> _Input for this task_:
• • • • •

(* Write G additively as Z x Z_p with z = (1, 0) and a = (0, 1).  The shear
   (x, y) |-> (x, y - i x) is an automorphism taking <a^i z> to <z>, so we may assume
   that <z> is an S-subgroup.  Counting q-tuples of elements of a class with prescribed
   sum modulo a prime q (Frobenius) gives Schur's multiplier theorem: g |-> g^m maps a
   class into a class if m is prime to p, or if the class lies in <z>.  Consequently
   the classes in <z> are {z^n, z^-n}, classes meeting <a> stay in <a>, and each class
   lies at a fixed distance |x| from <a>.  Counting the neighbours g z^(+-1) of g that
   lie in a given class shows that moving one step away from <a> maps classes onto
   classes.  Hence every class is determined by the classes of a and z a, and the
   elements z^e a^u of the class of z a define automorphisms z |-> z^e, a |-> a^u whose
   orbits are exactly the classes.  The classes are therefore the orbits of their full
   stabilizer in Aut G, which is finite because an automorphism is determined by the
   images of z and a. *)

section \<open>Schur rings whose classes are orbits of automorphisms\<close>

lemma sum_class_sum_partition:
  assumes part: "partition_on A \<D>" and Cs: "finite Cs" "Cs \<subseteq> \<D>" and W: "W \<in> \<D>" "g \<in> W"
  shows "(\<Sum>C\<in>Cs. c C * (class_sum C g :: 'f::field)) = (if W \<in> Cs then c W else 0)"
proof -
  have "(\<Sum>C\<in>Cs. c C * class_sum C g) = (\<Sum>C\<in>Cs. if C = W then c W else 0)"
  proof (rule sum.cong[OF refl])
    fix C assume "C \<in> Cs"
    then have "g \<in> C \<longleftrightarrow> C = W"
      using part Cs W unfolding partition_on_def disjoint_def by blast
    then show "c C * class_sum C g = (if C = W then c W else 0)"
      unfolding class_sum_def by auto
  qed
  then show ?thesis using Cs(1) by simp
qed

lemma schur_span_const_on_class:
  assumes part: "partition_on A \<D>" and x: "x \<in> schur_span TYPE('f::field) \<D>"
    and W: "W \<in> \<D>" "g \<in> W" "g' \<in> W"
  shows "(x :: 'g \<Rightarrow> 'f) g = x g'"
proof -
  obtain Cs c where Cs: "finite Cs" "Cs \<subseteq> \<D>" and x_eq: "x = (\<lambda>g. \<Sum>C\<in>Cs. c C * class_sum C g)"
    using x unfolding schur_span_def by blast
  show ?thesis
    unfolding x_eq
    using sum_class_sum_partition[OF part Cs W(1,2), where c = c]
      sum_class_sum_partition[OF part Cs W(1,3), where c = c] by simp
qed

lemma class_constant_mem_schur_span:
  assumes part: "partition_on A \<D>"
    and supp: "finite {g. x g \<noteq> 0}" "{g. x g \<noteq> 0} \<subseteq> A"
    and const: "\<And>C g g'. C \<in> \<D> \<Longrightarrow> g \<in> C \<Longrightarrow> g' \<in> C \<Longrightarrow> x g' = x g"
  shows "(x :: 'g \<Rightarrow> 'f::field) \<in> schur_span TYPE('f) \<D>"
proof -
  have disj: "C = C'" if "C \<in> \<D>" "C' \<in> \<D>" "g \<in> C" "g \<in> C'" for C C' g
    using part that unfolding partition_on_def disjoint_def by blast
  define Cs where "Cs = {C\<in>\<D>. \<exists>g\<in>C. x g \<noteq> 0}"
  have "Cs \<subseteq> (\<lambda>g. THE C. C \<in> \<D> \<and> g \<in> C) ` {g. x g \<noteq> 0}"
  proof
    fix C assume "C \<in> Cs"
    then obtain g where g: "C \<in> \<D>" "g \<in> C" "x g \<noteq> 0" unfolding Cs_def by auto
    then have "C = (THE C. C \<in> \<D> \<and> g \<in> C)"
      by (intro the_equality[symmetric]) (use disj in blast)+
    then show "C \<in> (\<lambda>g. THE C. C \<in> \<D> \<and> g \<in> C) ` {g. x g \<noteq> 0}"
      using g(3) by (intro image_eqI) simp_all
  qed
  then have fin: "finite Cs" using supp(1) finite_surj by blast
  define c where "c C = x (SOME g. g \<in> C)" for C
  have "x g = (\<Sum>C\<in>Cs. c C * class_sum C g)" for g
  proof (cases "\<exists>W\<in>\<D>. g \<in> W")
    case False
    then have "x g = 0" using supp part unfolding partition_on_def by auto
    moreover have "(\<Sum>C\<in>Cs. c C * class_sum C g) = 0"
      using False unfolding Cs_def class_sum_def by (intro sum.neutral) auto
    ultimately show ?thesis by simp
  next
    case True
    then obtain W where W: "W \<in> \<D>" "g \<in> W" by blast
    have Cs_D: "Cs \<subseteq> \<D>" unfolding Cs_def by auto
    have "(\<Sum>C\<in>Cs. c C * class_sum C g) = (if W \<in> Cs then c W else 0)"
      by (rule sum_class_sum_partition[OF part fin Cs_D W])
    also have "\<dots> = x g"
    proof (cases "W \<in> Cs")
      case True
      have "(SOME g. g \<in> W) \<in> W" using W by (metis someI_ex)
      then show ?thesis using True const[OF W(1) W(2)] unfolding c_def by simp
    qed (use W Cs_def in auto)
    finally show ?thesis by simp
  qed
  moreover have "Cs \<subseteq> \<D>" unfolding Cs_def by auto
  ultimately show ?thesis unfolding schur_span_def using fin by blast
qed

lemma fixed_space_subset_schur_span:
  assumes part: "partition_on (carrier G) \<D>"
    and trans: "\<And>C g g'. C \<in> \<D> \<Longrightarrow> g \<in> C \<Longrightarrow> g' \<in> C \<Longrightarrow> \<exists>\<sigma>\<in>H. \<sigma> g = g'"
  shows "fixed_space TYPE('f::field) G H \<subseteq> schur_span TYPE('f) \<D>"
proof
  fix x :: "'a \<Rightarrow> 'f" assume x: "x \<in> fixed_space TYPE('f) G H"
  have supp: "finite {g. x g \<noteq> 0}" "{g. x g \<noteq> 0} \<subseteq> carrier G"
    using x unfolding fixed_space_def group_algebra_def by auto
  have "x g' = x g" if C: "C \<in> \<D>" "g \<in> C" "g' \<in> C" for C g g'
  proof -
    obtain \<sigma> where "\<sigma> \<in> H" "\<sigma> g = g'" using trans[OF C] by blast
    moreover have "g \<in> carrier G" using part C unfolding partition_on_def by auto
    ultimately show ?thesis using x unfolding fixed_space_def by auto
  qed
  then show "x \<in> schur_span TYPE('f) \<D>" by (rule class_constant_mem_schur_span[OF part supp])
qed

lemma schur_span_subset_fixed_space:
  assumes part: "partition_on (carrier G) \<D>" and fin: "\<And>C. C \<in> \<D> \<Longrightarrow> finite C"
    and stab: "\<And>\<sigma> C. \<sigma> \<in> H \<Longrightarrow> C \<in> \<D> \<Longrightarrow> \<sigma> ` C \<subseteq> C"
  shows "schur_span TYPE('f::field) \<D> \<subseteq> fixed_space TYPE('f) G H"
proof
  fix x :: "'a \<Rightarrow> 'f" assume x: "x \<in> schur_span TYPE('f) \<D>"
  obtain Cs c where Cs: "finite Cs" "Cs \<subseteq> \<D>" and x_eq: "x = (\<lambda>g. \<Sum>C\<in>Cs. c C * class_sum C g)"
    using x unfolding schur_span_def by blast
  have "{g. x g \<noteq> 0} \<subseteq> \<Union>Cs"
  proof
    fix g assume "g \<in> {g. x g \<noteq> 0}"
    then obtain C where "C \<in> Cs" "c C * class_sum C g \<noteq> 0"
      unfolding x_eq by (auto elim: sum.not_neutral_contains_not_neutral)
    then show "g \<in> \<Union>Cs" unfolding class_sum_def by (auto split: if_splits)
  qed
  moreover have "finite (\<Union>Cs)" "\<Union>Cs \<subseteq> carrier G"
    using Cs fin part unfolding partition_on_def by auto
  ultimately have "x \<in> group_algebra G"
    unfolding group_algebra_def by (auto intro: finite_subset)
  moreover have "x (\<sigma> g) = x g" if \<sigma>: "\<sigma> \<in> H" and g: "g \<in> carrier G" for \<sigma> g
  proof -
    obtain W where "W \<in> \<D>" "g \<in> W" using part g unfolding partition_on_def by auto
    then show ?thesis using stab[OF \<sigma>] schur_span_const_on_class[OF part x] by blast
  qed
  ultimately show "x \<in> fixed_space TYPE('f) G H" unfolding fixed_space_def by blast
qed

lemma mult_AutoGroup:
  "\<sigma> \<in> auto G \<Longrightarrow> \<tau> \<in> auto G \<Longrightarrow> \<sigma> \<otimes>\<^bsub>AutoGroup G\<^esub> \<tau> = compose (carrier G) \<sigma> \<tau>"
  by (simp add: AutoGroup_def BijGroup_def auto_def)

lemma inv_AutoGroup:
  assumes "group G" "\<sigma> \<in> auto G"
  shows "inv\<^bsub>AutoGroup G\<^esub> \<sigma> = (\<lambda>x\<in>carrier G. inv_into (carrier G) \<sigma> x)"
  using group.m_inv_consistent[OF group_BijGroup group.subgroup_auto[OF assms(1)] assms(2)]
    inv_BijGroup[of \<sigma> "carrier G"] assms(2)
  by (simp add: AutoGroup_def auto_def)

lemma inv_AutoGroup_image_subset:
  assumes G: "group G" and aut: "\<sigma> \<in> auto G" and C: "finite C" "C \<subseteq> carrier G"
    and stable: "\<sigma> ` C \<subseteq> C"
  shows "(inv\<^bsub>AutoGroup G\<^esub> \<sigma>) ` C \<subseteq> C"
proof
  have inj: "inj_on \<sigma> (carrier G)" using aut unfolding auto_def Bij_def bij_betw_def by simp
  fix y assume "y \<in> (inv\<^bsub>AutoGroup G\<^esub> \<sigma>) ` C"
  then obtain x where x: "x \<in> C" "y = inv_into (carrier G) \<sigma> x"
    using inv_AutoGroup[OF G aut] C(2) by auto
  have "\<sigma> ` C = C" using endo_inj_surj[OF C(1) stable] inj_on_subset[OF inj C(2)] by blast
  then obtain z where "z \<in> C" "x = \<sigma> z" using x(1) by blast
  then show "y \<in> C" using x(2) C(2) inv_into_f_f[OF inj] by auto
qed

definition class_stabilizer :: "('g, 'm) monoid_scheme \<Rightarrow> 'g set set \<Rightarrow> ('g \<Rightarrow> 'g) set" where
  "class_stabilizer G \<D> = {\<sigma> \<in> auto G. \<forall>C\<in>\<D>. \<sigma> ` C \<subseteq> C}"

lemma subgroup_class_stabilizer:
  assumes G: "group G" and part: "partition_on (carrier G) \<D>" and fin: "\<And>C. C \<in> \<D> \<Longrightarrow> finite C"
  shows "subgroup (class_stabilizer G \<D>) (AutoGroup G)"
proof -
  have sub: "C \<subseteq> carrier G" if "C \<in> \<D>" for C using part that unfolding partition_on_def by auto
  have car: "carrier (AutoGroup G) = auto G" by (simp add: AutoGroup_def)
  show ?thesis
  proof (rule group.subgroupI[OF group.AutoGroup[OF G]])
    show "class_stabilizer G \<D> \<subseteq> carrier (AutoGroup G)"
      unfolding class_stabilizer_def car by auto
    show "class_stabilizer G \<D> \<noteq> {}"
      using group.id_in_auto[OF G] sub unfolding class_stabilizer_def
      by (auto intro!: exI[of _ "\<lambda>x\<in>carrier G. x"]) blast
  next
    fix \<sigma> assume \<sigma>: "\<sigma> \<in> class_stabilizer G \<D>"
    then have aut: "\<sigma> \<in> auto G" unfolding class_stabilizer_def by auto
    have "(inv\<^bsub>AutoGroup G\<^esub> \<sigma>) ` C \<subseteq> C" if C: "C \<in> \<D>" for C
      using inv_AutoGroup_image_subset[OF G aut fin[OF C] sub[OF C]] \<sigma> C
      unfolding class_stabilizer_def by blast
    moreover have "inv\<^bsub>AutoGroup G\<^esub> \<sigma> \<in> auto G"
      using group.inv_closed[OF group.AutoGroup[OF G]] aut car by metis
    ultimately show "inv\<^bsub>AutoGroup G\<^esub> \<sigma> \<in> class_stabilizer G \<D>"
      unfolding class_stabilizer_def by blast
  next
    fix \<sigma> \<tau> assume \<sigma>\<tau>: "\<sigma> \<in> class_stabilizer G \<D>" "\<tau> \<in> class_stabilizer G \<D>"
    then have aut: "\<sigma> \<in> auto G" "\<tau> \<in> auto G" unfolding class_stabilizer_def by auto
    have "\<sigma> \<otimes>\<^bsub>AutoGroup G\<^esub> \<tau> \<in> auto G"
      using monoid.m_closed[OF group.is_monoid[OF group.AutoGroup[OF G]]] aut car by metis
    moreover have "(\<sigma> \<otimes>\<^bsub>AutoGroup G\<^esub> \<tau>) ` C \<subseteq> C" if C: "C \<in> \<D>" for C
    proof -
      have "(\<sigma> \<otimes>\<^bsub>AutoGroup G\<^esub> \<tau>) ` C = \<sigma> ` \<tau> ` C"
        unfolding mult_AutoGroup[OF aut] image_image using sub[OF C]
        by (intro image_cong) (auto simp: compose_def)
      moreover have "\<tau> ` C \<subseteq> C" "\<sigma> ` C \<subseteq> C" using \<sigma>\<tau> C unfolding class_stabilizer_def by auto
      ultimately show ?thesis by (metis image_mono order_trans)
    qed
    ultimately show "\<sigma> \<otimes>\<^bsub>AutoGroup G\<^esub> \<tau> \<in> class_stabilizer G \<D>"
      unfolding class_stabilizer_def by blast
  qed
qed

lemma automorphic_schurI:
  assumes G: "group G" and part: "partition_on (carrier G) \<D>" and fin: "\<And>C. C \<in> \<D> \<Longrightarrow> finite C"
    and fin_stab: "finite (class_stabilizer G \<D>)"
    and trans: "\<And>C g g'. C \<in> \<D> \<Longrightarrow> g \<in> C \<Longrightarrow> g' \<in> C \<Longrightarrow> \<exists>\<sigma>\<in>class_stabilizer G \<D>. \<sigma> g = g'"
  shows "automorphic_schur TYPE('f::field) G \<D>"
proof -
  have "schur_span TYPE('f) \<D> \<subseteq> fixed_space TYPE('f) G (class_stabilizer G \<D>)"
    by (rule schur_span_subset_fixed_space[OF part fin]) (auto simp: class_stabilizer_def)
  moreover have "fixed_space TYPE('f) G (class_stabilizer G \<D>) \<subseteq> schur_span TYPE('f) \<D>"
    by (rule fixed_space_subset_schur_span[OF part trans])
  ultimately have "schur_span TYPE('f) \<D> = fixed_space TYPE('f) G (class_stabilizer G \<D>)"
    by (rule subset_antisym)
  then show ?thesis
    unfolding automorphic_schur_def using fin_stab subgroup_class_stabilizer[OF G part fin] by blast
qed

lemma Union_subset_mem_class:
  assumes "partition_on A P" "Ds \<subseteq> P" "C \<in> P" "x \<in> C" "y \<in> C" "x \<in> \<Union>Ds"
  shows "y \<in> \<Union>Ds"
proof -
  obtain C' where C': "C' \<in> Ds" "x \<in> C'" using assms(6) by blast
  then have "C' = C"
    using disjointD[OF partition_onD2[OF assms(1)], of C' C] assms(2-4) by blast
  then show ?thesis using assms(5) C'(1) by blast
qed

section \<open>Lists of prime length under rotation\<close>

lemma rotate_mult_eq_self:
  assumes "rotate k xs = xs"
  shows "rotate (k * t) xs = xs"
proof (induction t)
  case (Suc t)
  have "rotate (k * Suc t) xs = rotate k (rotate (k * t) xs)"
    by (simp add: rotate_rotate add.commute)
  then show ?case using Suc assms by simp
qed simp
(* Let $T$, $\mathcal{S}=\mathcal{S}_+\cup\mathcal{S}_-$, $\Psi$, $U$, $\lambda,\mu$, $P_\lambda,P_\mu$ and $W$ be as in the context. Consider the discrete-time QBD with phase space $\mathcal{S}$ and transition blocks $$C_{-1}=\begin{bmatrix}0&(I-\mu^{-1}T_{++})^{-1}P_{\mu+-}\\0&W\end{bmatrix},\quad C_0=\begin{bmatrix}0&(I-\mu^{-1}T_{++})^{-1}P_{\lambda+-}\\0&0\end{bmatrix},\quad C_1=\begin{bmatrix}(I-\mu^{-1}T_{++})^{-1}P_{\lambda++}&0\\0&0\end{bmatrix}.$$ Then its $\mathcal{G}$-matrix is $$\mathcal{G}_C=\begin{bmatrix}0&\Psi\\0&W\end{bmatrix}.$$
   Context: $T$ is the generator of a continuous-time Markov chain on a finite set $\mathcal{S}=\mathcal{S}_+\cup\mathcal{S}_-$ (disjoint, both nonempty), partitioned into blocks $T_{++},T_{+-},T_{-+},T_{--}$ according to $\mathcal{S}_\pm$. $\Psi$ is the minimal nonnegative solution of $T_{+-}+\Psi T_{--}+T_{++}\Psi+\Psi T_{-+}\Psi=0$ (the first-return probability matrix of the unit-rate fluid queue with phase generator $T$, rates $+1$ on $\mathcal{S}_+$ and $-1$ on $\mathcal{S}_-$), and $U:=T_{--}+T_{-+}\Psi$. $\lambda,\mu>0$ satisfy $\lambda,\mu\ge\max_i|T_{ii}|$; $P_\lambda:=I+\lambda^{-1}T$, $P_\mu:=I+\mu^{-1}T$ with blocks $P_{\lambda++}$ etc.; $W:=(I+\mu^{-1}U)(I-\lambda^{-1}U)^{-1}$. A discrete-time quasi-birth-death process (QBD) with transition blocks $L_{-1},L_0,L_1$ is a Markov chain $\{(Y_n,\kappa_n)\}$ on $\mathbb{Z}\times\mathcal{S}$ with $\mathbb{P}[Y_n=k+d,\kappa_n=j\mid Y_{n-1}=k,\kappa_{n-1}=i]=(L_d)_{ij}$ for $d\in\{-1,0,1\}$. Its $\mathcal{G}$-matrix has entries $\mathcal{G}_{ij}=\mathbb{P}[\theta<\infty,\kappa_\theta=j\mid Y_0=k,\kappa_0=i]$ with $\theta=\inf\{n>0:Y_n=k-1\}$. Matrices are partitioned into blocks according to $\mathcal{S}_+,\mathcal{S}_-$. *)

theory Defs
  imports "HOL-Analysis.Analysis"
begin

• • • • •

> _Exercise objective_: Find the string "SOME" in the data. Report each line it appears in.

> _Result_:
  define c where "c C = x (SOME g. g \<in> C)" for C
      have "(SOME g. g \<in> W) \<in> W" using W by (metis someI_ex)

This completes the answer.